Я не выдержал и заржал в голос. Уж больно комично выглядело возмущение на морде кота‑извращенца.
– Оооо, Си‑и‑и‑риус, так ты что, немного, так сказать… фиолэтовый? – не преминул я его подначить.
Кот плюнул в правую лапку и потер ею о пушистую бочину.
– Фиоле‑утовым у тебя сейчас свежий синяк в фор‑р‑рме кошачьей лапы будет, – грозно пообещал он. – Мне‑у, может, и все равно, к какому виду дама принадлежит, но на мужиков я‑у не ведусь. И намеков от всяких недорослей не потерплю! – он свирепо повел вибриссами в мою сторону. – Думаешь, я‑у стал тогда размышлять на тему "у всех свои недостатки"? Дабы честь кошачью не позорить, сожр‑р‑рал пеликана в этот же момент, да погреб из этой голубой лагуны куда подальше.

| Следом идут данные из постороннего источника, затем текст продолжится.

(* For every non-negative integer $k$ and every proper $4$-coloring $\varphi$ of $G_k$, we have $\varphi(v_{(k,1)})=\varphi(v_{(0,1)})$ and $\varphi(v_{(k,2)})=\varphi(v_{(0,2)})$.
   Context: The planar graphs $G_k$ are defined inductively. $G_0$ has vertex set $\{v_{(0,1)},v_{(0,2)}\}$ and the single edge $\{v_{(0,1)},v_{(0,2)}\}$. For $i\ge 1$, $G_i$ is obtained from $G_{i-1}$ by adding, for each $j\in\{1,2\}$, four new vertices $a_{(i,j)},b_{(i,j)},c_{(i,j)},v_{(i,j)}$ and the edges $\{a_{(i,j)},b_{(i,j)}\},\{b_{(i,j)},c_{(i,j)}\},\{c_{(i,j)},a_{(i,j)}\}$, $\{a_{(i,j)},v_{(i,j)}\},\{b_{(i,j)},v_{(i,j)}\},\{c_{(i,j)},v_{(i,j)}\}$, $\{a_{(i,j)},v_{(i-1,j)}\},\{b_{(i,j)},v_{(i-1,j)}\},\{c_{(i,j)},v_{(i-1,j)}\}$. A proper $4$-coloring is a map $V(G_k)\to\{1,2,3,4\}$ giving adjacent vertices different colors. *)

theory Defs
  imports Main
begin

text \<open>Vertices of the graphs G_k: A i j, B i j, C i j stand for a_(i,j), b_(i,j), c_(i,j)
  and V i j for v_(i,j).  Index j ranges over {1,2}.\<close>
datatype vert = A nat nat | B nat nat | C nat nat | V nat nat

fun verts :: "nat \<Rightarrow> vert set" where
  "verts 0 = {V 0 1, V 0 2}"
| "verts (Suc i) = verts i \<union>
     (\<Union>j\<in>{1,2}. {A (Suc i) j, B (Suc i) j, C (Suc i) j, V (Suc i) j})"

fun edges :: "nat \<Rightarrow> vert set set" where
  "edges 0 = {{V 0 1, V 0 2}}"
| "edges (Suc i) = edges i \<union>
     (\<Union>j\<in>{1,2}.
       {{A (Suc i) j, B (Suc i) j}, {B (Suc i) j, C (Suc i) j}, {C (Suc i) j, A (Suc i) j},
        {A (Suc i) j, V (Suc i) j}, {B (Suc i) j, V (Suc i) j}, {C (Suc i) j, V (Suc i) j},
        {A (Suc i) j, V i j}, {B (Suc i) j, V i j}, {C (Suc i) j, V i j}})"

text \<open>A proper 4-coloring of G_k: a map V(G_k) \<rightarrow> {1,2,3,4} (values outside V(G_k) irrelevant)
  with adjacent vertices receiving different colors.\<close>
definition proper_4_coloring :: "nat \<Rightarrow> (vert \<Rightarrow> nat) \<Rightarrow> bool" where
  "proper_4_coloring k \<phi> \<longleftrightarrow>
     (\<forall>x\<in>verts k. \<phi> x \<in> {1,2,3,4}) \<and>
     (\<forall>x y. {x, y} \<in> edges k \<longrightarrow> \<phi> x \<noteq> \<phi> y)"

end

theory Submission
  imports Defs
begin

text \<open>In each gadget the vertices a, b, c form a triangle, and both v_(i-1,j) and v_(i,j) are
  adjacent to all three of them. A proper 4-coloring spends three colors on the triangle, so
  both v-vertices receive the one color left over; the claim follows along the chain by
  induction on k.\<close>

lemma eq_if_card_le_Suc_card:
  assumes "finite S" "T \<subseteq> S" "card S \<le> Suc (card T)" "v \<in> S - T" "w \<in> S - T"
  shows "v = w"
proof -
  have "card (S - T) \<le> Suc 0"
    using assms(1-3) by (simp add: card_Diff_subset finite_subset)
  then show ?thesis
    using assms(1,4,5) by (simp add: card_le_Suc0_iff_eq)
qed

lemma edges_mono: "i \<le> k \<Longrightarrow> edges i \<subseteq> edges k"
  by (rule lift_Suc_mono_le[of edges]) (simp_all only: edges.simps Un_upper1)

lemma verts_mono: "i \<le> k \<Longrightarrow> verts i \<subseteq> verts k"
  by (rule lift_Suc_mono_le[of verts]) (simp_all only: verts.simps Un_upper1)

lemma proper_4_coloring_mono:
  "proper_4_coloring k \<phi> \<Longrightarrow> i \<le> k \<Longrightarrow> proper_4_coloring i \<phi>"
  unfolding proper_4_coloring_def by (meson edges_mono verts_mono subsetD)

lemma V_in_verts: "j \<in> {1, 2} \<Longrightarrow> V i j \<in> verts i"
  by (cases i) auto

lemma gadget_edges:
  assumes "j \<in> {1, 2}"
  shows "{{A (Suc i) j, B (Suc i) j}, {B (Suc i) j, C (Suc i) j}, {C (Suc i) j, A (Suc i) j},
     {A (Suc i) j, V (Suc i) j}, {B (Suc i) j, V (Suc i) j}, {C (Suc i) j, V (Suc i) j},
     {A (Suc i) j, V i j}, {B (Suc i) j, V i j}, {C (Suc i) j, V i j}} \<subseteq> edges (Suc i)"
  unfolding edges.simps by (rule subset_trans[OF UN_upper[OF assms] Un_upper2])

lemma proper_4_coloring_V_Suc:
  assumes col: "proper_4_coloring (Suc i) \<phi>" and j: "j \<in> {1, 2}"
  shows "\<phi> (V (Suc i) j) = \<phi> (V i j)"
proof -
  let ?a = "\<phi> (A (Suc i) j)" and ?b = "\<phi> (B (Suc i) j)" and ?c = "\<phi> (C (Suc i) j)"
  have "{A (Suc i) j, B (Suc i) j, C (Suc i) j, V (Suc i) j, V i j} \<subseteq> verts (Suc i)"
    using j V_in_verts[OF j, of i] verts_mono[of i "Suc i"] by auto
  then have colors: "{?a, ?b, ?c, \<phi> (V (Suc i) j), \<phi> (V i j)} \<subseteq> {1, 2, 3, 4}"
    using col unfolding proper_4_coloring_def by blast
  have adj: "\<phi> x \<noteq> \<phi> y" if "{x, y} \<in> edges (Suc i)" for x y
    using col that unfolding proper_4_coloring_def by blast
  have "?a \<noteq> ?b" "?b \<noteq> ?c" "?c \<noteq> ?a"
    "?a \<noteq> \<phi> (V (Suc i) j)" "?b \<noteq> \<phi> (V (Suc i) j)" "?c \<noteq> \<phi> (V (Suc i) j)"
    "?a \<noteq> \<phi> (V i j)" "?b \<noteq> \<phi> (V i j)" "?c \<noteq> \<phi> (V i j)"
    using gadget_edges[OF j] by (simp_all add: adj)
  then have "card {?a, ?b, ?c} = 3"
    and "\<phi> (V (Suc i) j) \<notin> {?a, ?b, ?c}" "\<phi> (V i j) \<notin> {?a, ?b, ?c}"
    by simp_all
  with colors show ?thesis
    by (intro eq_if_card_le_Suc_card[of "{1, 2, 3, 4}" "{?a, ?b, ?c}"]) auto
qed

theorem lemma6p1:
  fixes k :: nat and \<phi> :: "vert \<Rightarrow> nat"
  assumes "proper_4_coloring k \<phi>"
  shows "\<phi> (V k 1) = \<phi> (V 0 1) \<and> \<phi> (V k 2) = \<phi> (V 0 2)"
  using assms
proof (induction k)
  case (Suc k)
  then have "proper_4_coloring k \<phi>" by (simp add: proper_4_coloring_mono)
  with Suc show ?case by (simp add: proper_4_coloring_V_Suc)
qed simp

end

Благо, прочной бочка оказалась, ибо сразу же после спонтанного перекуса дичью заиграл в море штор‑р‑рмище. Тучи тужились, извер‑р‑ргая молнии, а вода вокруг меня волновалась, да в мо‑уй одинокий ковчег для пиратского рома заглядывала. Знаешь, как говорят: "кот, как девица, водицы боится". Вот я‑у и боялся. Утонуть боялся – это нам устато‑хвостатым память генетическая покоя все не дает. Испокон веков Рука Судьбы топила нашего брата то в ведре, то в тазе, то в реке, то в луже, иногда по одному, но чаще семьями.
– Конечно! Вы плодитесь, как кролики, и пакостливые, как черти, – поддел я этого сказителя.
Сириус деловито поскреб когтями по деревянной столешнице, но возражать, почему‑то, не стал, а вместо этого обиженно поинтересовался:
– Позволишь, фр‑р, рассказ зако‑унчить?
Я отвесил ему шутовской поклон. Пусть думает, что хочет, хоть в плохих манерах не упрекнет. Кот сарказма в моем жесте предпочел не заметить, благодарно кивнул и снова заговорил.
– Ну, вот значит… Плыву это я‑у, плыву… А на чем я остановился?
– На эпическом описании буйства морской стихии, – хихикнул я.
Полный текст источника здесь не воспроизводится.